- Directed by: Manimaran
- Written by: Vetrimaaran (dialogue)
- Screenplay by: Vetrimaaran Manimaran
- Story by: Vetrimaaran
- Produced by: Dayanidhi Azhagiri Vetrimaaran (creative producer)
- Starring: Siddharth; Ashrita Shetty; Kay Kay Menon;
- Cinematography: Velraj
- Edited by: Kishore Te.
- Music by: G. V. Prakash Kumar
- Production companies: Meeka Entertainment Grass Root Film Company
- Distributed by: Red Giant Movies
- Release date: 19 April 2013;
- Running time: 123 minutes
- Country: India
- Language: Tamil
- Budget: ₹80 million (US$830,000)^{[citation needed]}

= Udhayam NH4 =

2013 Indian film by Manimaran

Udhayam NH4 is a 2013 Indian Tamil-language action thriller film directed by debutant Manimaran, a former associate of Vetrimaaran.
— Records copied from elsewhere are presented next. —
(* In the setting described in the context, for every $t\ge0$ the long exponential rate satisfies $R_{t\infty}\ge0$.
   Context: Let $(\Omega,\mathcal F,\mathbb P)$ be a probability space with a filtration $\{\mathcal F_t\}_{t\ge0}$ satisfying the usual conditions; (in)equalities between random variables hold a.s. A pricing kernel is an $\{\mathcal F_t\}$-adapted càdlàg semimartingale $\{\pi_t\}_{t\ge0}$ with (a) $\pi_t>0$ for all $t\ge0$, (b) $\mathbb E[\pi_t]<\infty$ for all $t\ge0$, (c) $\liminf_{t\to\infty}\mathbb E[\pi_t]=0$. Fix such a pricing kernel. The discount bond price is $P_{tT}=\pi_t^{-1}\mathbb E[\pi_T\mid\mathcal F_t]$ for $0\le t<T$. The exponential rate is $R_{tT}=-(T-t)^{-1}\ln P_{tT}$. For a family $\{A_x\}_{x\in\mathbb R^+}$ of $\mathcal F_t$-measurable extended-real random variables, $\limsup_{x\to\infty}A_x:=\operatorname{ess\,inf}_{x}\operatorname{ess\,sup}_{y\ge x}A_y$ and $\liminf_{x\to\infty}A_x:=\operatorname{ess\,sup}_{x}\operatorname{ess\,inf}_{y\ge x}A_y$, where essential supremum/infimum are taken among $\mathcal F_t$-measurable random variables (the essential supremum of a family being the a.s.-smallest random variable dominating every member a.s.). The long exponential rate is $R_{t\infty}=\limsup_{T\to\infty}R_{tT}$. *)

theory Defs
  imports "HOL-Probability.Probability"
begin

(* Time index: nonnegative reals, represented as real with explicit guards t >= 0. *)

definition usual_filtration :: "'a measure \<Rightarrow> (real \<Rightarrow> 'a measure) \<Rightarrow> bool" where
  "usual_filtration M F \<longleftrightarrow>
     (\<forall>t\<ge>0. subalgebra M (F t)) \<and>
     (\<forall>s t. 0 \<le> s \<and> s \<le> t \<longrightarrow> sets (F s) \<subseteq> sets (F t)) \<and>
     complete_measure M \<and>
     null_sets M \<subseteq> sets (F 0) \<and>
     (\<forall>t\<ge>0. sets (F t) = (\<Inter>s\<in>{t<..}. sets (F s)))"

definition adapted :: "(real \<Rightarrow> 'a measure) \<Rightarrow> (real \<Rightarrow> 'a \<Rightarrow> real) \<Rightarrow> bool" where
  "adapted F X \<longleftrightarrow> (\<forall>t\<ge>0. X t \<in> borel_measurable (F t))"

definition cadlag :: "'a measure \<Rightarrow> (real \<Rightarrow> 'a \<Rightarrow> real) \<Rightarrow> bool" where
  "cadlag M X \<longleftrightarrow> (\<forall>\<omega>\<in>space M.
     (\<forall>t\<ge>0. continuous (at_right t) (\<lambda>s. X s \<omega>)) \<and>
     (\<forall>t>0. \<exists>l. ((\<lambda>s. X s \<omega>) \<longlongrightarrow> l) (at_left t)))"

definition martingale :: "'a measure \<Rightarrow> (real \<Rightarrow> 'a measure) \<Rightarrow> (real \<Rightarrow> 'a \<Rightarrow> real) \<Rightarrow> bool" where
  "martingale M F X \<longleftrightarrow> adapted F X \<and> (\<forall>t\<ge>0. integrable M (X t)) \<and>
     (\<forall>s t. 0 \<le> s \<and> s \<le> t \<longrightarrow> (AE \<omega> in M. real_cond_exp M (F s) (X t) \<omega> = X s \<omega>))"

definition stopping_time_pos :: "'a measure \<Rightarrow> (real \<Rightarrow> 'a measure) \<Rightarrow> ('a \<Rightarrow> ereal) \<Rightarrow> bool" where
  "stopping_time_pos M F \<tau> \<longleftrightarrow> (\<forall>\<omega>\<in>space M. 0 \<le> \<tau> \<omega>) \<and>
     (\<forall>t\<ge>0. {\<omega>\<in>space M. \<tau> \<omega> \<le> ereal t} \<in> sets (F t))"

definition stopped :: "(real \<Rightarrow> 'a \<Rightarrow> real) \<Rightarrow> ('a \<Rightarrow> ereal) \<Rightarrow> real \<Rightarrow> 'a \<Rightarrow> real" where
  "stopped X \<tau> t \<omega> = X (real_of_ereal (min (ereal t) (\<tau> \<omega>))) \<omega>"

definition local_martingale :: "'a measure \<Rightarrow> (real \<Rightarrow> 'a measure) \<Rightarrow> (real \<Rightarrow> 'a \<Rightarrow> real) \<Rightarrow> bool" where
  "local_martingale M F X \<longleftrightarrow> adapted F X \<and>
     (\<exists>\<tau> :: nat \<Rightarrow> 'a \<Rightarrow> ereal.
        (\<forall>n. stopping_time_pos M F (\<tau> n)) \<and>
        (\<forall>n. \<forall>\<omega>\<in>space M. \<tau> n \<omega> \<le> \<tau> (Suc n) \<omega>) \<and>
        (AE \<omega> in M. (\<lambda>n. \<tau> n \<omega>) \<longlonglongrightarrow> \<infinity>) \<and>
        (\<forall>n. martingale M F (stopped X (\<tau> n))))"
The film stars Siddharth and newcomer Ashrita Shetty. Vetrimaaran wrote the script, did the screenplay, and penned the dialogues for this film. The story takes place in Bangalore, Karnataka. The film's soundtrack and background score were composed by G. V. Prakash Kumar. The film released along with a dubbed Telugu version titled NH4 on 19 April 2013.

== Plot ==

Prabhu falls in love with Rithika, his classmate, who reciprocates his feelings, but are separated after Rithika's father disapproves of their relationship. Prabhu, lovelorn, discusses the route from Bangalore to Chennai with his friends and plan to kidnap Rithika to elope. Meanwhile, Rithika's father, Avinash Patel, appoints encounter specialist ACP Manoj Menon IPS, who questions Rithika's male friend Deepak about Prabhu. Deepak claims that Prabhu is a drug addict and was always trying to woo Rithika, who started to avoid him because of Prabhu. After that, the plot continues when Manoj tries to track Prabhu and his friends. In the attempt, they track down a message from another friend named Umesh, asking Prabhu and friends to come to Bangarpet bus stand, only to find Manoj and his team arresting the guy for more information. Manoj goes to a railway station where the train in which Prabhu and Rithika are travelling to Chennai via Kuppam, Andhra Pradesh. He finds Rithika and forcefully drags her into his jeep.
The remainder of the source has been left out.